→ **About this exercise**: The lines wanted are those in the data below that include "outcomes".

[Opening Data for analysis section]

(* Let $E^3=\{000,011,101,110\}$ and fix $u=u_1u_2u_3\in E^3$. Let $n\ge 1$. Alice, Bob and Carol receive $X=(x_1,\dots,x_n)$, $Y=(y_1,\dots,y_n)$, $Z=(z_1,\dots,z_n)\in\{0,1\}^n$ respectively, under the promise that $x_iy_iz_i\in E^3$ (i.e. $x_i\oplus y_i\oplus z_i=0$) for every $1\le i\le n$. Define $f_u(X,Y,Z)=\bigoplus_{i=1}^n t_u(x_iy_iz_i)$, where $t_u(w)=1$ if $w=u$ and $t_u(w)=0$ otherwise. Suppose the three parties share $n$ copies of the three-qubit state $|\psi_3\rangle=\frac12(|000\rangle-|011\rangle-|101\rangle-|110\rangle)$, the first, second and third qubit of the $i$-th copy being held by Alice, Bob and Carol respectively. Then there is a protocol computing $f_u$ in which the only quantum operations are the following: for each $i$, each party applies to its qubit of the $i$-th copy the Hadamard gate $H$ if its $i$-th input bit differs from the corresponding bit of $u$ and the identity $I$ otherwise (so that the three-qubit operation on the $i$-th copy is $III$, $IHH$, $HIH$, $HHI$ according as $u\oplus x_iy_iz_i$ equals $000,011,101,110$), followed by a measurement of each qubit in the computational basis; after local classical computation, Bob and Carol each send one classical bit to Alice (two classical bits in total), and Alice then outputs $f_u(X,Y,Z)$ correctly for every input satisfying the promise.
   Context: $H$ denotes the one-qubit Hadamard gate $H|0\rangle=(|0\rangle+|1\rangle)/\sqrt2$, $H|1\rangle=(|0\rangle-|1\rangle)/\sqrt2$, and $I$ the identity. A three-letter word such as $IHH$ denotes the tensor product of the listed one-qubit operations applied to the first, second and third qubit respectively. In the communication model, parties may perform arbitrary local operations on their own qubits and classical data, but communicate only by sending classical bits to Alice; no quantum communication is allowed. *)

theory Defs
  imports Complex_Main
begin

text \<open>Bits are modelled as bool (False = 0, True = 1); xor is (\<noteq>).
  A three-bit word x y z lies in E^3 iff x xor y xor z = 0.\<close>

definition inE3 :: "bool \<Rightarrow> bool \<Rightarrow> bool \<Rightarrow> bool" where
  "inE3 a b c \<longleftrightarrow> ((a \<noteq> b) \<noteq> c) = False"

definition f_u :: "bool \<times> bool \<times> bool \<Rightarrow> nat \<Rightarrow> (nat \<Rightarrow> bool) \<Rightarrow> (nat \<Rightarrow> bool) \<Rightarrow> (nat \<Rightarrow> bool) \<Rightarrow> bool" where
  "f_u u n X Y Z = odd (card {i. i < n \<and> (X i, Y i, Z i) = u})"

definition psi3 :: "bool \<Rightarrow> bool \<Rightarrow> bool \<Rightarrow> real" where
  "psi3 a b c = (if (a, b, c) = (False, False, False) then 1/2
                 else if inE3 a b c then - 1/2 else 0)"

text \<open>Matrix entries <out| G |in> of the one-qubit gates H and I.\<close>
definition hadamard :: "bool \<Rightarrow> bool \<Rightarrow> real" where
  "hadamard out inp = (if out \<and> inp then - 1 / sqrt 2 else 1 / sqrt 2)"

definition ident :: "bool \<Rightarrow> bool \<Rightarrow> real" where
  "ident out inp = (if out = inp then 1 else 0)"

definition gate :: "bool \<Rightarrow> bool \<Rightarrow> bool \<Rightarrow> real" where
  "gate h = (if h then hadamard else ident)"

definition amp3 :: "bool \<Rightarrow> bool \<Rightarrow> bool \<Rightarrow> bool \<Rightarrow> bool \<Rightarrow> bool \<Rightarrow> real" where
  "amp3 h1 h2 h3 o1 o2 o3 =
     (\<Sum>w1\<in>UNIV. \<Sum>w2\<in>UNIV. \<Sum>w3\<in>UNIV.
        gate h1 o1 w1 * gate h2 o2 w2 * gate h3 o3 w3 * psi3 w1 w2 w3)"

text \<open>The n copies form a product state,
  so the joint amplitude is the product of the per-copy amplitudes.\<close>
definition outcome_prob ::
  "bool \<times> bool \<times> bool \<Rightarrow> nat \<Rightarrow> (nat \<Rightarrow> bool) \<Rightarrow> (nat \<Rightarrow> bool) \<Rightarrow> (nat \<Rightarrow> bool)
   \<Rightarrow> (nat \<Rightarrow> bool) \<Rightarrow> (nat \<Rightarrow> bool) \<Rightarrow> (nat \<Rightarrow> bool) \<Rightarrow> real" where
  "outcome_prob u n X Y Z A B C =
     (\<Prod>i<n. (amp3 (X i \<noteq> fst u) (Y i \<noteq> fst (snd u)) (Z i \<noteq> snd (snd u))
                   (A i) (B i) (C i))\<^sup>2)"

end

theory Submission
  imports Defs
begin

text \<open>On the i-th copy the parties apply H exactly on the positions where x_i y_i z_i differs
  from u, and this difference word again lies in E^3. A direct computation shows that III
  leaves psi_3 supported on the even-parity words, while each of IHH, HIH, HHI moves it onto the
  odd-parity words. Hence the parity of the three measurement outcomes of copy i reveals whether
  x_i y_i z_i = u, and f_u is the XOR of all 3n outcomes (corrected by the parity of n): Bob
  and Carol each send the XOR of their own outcomes.\<close>

fun xor_upto :: "nat \<Rightarrow> (nat \<Rightarrow> bool) \<Rightarrow> bool" where
  "xor_upto 0 P = False"
| "xor_upto (Suc n) P = (xor_upto n P \<noteq> P n)"

lemma xor_upto_eq_odd_card: "xor_upto n P = odd (card {i. i < n \<and> P i})"
proof (induction n)
  case 0
  then show ?case by simp
next
  case (Suc n)
  have "{i. i < Suc n \<and> P i} =
        (if P n then insert n {i. i < n \<and> P i} else {i. i < n \<and> P i})"
    by (auto simp: less_Suc_eq)
  with Suc show ?case by simp
qed

lemma xor_upto_xor: "xor_upto n (\<lambda>i. P i \<noteq> Q i) = (xor_upto n P \<noteq> xor_upto n Q)"
  by (induction n) auto

lemma xor_upto_not: "xor_upto n (\<lambda>i. \<not> P i) = (odd n \<noteq> xor_upto n P)"
  by (induction n) auto

lemma xor_upto_cong: "(\<And>i. i < n \<Longrightarrow> P i = Q i) \<Longrightarrow> xor_upto n P = xor_upto n Q"
  by (induction n) auto

lemma f_u_eq_xor_upto: "f_u u n X Y Z = xor_upto n (\<lambda>i. (X i, Y i, Z i) = u)"
  by (simp add: f_u_def xor_upto_eq_odd_card)

lemma inE3_xor:
  "inE3 x y z \<Longrightarrow> inE3 u1 u2 u3 \<Longrightarrow> inE3 (x \<noteq> u1) (y \<noteq> u2) (z \<noteq> u3)"
  by (auto simp: inE3_def)

lemma amp3_nonzero_parity:
  assumes "inE3 h1 h2 h3" and "amp3 h1 h2 h3 a b c \<noteq> 0"
  shows "((a \<noteq> b) \<noteq> c) \<longleftrightarrow> h1 \<or> h2 \<or> h3"
  using assms
  by (cases h1; cases h2; cases h3; cases a; cases b; cases c)
     (simp_all add: inE3_def amp3_def UNIV_bool gate_def hadamard_def ident_def psi3_def
        field_simps)

lemma outcome_parity_detects_u:
  assumes "inE3 x y z" and "inE3 u1 u2 u3"
    and "amp3 (x \<noteq> u1) (y \<noteq> u2) (z \<noteq> u3) a b c \<noteq> 0"
  shows "(x, y, z) = (u1, u2, u3) \<longleftrightarrow> \<not> ((a \<noteq> b) \<noteq> c)"
  using amp3_nonzero_parity[OF inE3_xor[OF assms(1,2)] assms(3)] by auto

lemma outcome_prob_pos_imp_amp3_nonzero:
  assumes "outcome_prob u n X Y Z A B C > 0" and "i < n"
  shows "amp3 (X i \<noteq> fst u) (Y i \<noteq> fst (snd u)) (Z i \<noteq> snd (snd u)) (A i) (B i) (C i) \<noteq> 0"
proof
  assume "amp3 (X i \<noteq> fst u) (Y i \<noteq> fst (snd u)) (Z i \<noteq> snd (snd u)) (A i) (B i) (C i) = 0"
  then have "outcome_prob u n X Y Z A B C = 0"
    unfolding outcome_prob_def using \<open>i < n\<close> by (auto intro!: prod_zero)
  with assms(1) show False by simp
qed

theorem theorem1:
  fixes u :: "bool \<times> bool \<times> bool" and n :: nat
  assumes "inE3 (fst u) (fst (snd u)) (snd (snd u))"
    and "n \<ge> 1"
  shows "\<exists>(gB :: (nat \<Rightarrow> bool) \<Rightarrow> (nat \<Rightarrow> bool) \<Rightarrow> bool)
           (gC :: (nat \<Rightarrow> bool) \<Rightarrow> (nat \<Rightarrow> bool) \<Rightarrow> bool)
           (gA :: (nat \<Rightarrow> bool) \<Rightarrow> (nat \<Rightarrow> bool) \<Rightarrow> bool \<Rightarrow> bool \<Rightarrow> bool).
           \<forall>X Y Z A B C.
             (\<forall>i<n. inE3 (X i) (Y i) (Z i)) \<longrightarrow>
             outcome_prob u n X Y Z A B C > 0 \<longrightarrow>
             gA X A (gB Y B) (gC Z C) = f_u u n X Y Z"
proof (intro exI allI impI)
  fix X Y Z A B C :: "nat \<Rightarrow> bool"
  assume promise: "\<forall>i<n. inE3 (X i) (Y i) (Z i)"
    and possible: "outcome_prob u n X Y Z A B C > 0"
  have "f_u u n X Y Z = xor_upto n (\<lambda>i. \<not> ((A i \<noteq> B i) \<noteq> C i))"
    unfolding f_u_eq_xor_upto
  proof (rule xor_upto_cong)
    fix i assume "i < n"
    with promise assms(1) outcome_prob_pos_imp_amp3_nonzero[OF possible]
    show "((X i, Y i, Z i) = u) = (\<not> ((A i \<noteq> B i) \<noteq> C i))"
      using outcome_parity_detects_u by (cases u) auto
  qed
  also have "\<dots> = (odd n \<noteq> ((xor_upto n A \<noteq> xor_upto n B) \<noteq> xor_upto n C))"
    using xor_upto_not[of n "\<lambda>i. (A i \<noteq> B i) \<noteq> C i"]
      xor_upto_xor[of n "\<lambda>i. A i \<noteq> B i" C] xor_upto_xor[of n A B]
    by auto
  finally show "(\<lambda>X A b c. odd n \<noteq> ((xor_upto n A \<noteq> b) \<noteq> c)) X A
      ((\<lambda>Y B. xor_upto n B) Y B) ((\<lambda>Z C. xor_upto n C) Z C) = f_u u n X Y Z"
    by simp
qed

end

[Closing Data for analysis section]

→ **Response**:
  odd-parity words. Hence the parity of the three measurement outcomes of copy i reveals whether
  x_i y_i z_i = u, and f_u is the XOR of all 3n outcomes (corrected by the parity of n): Bob
  and Carol each send the XOR of their own outcomes.\<close>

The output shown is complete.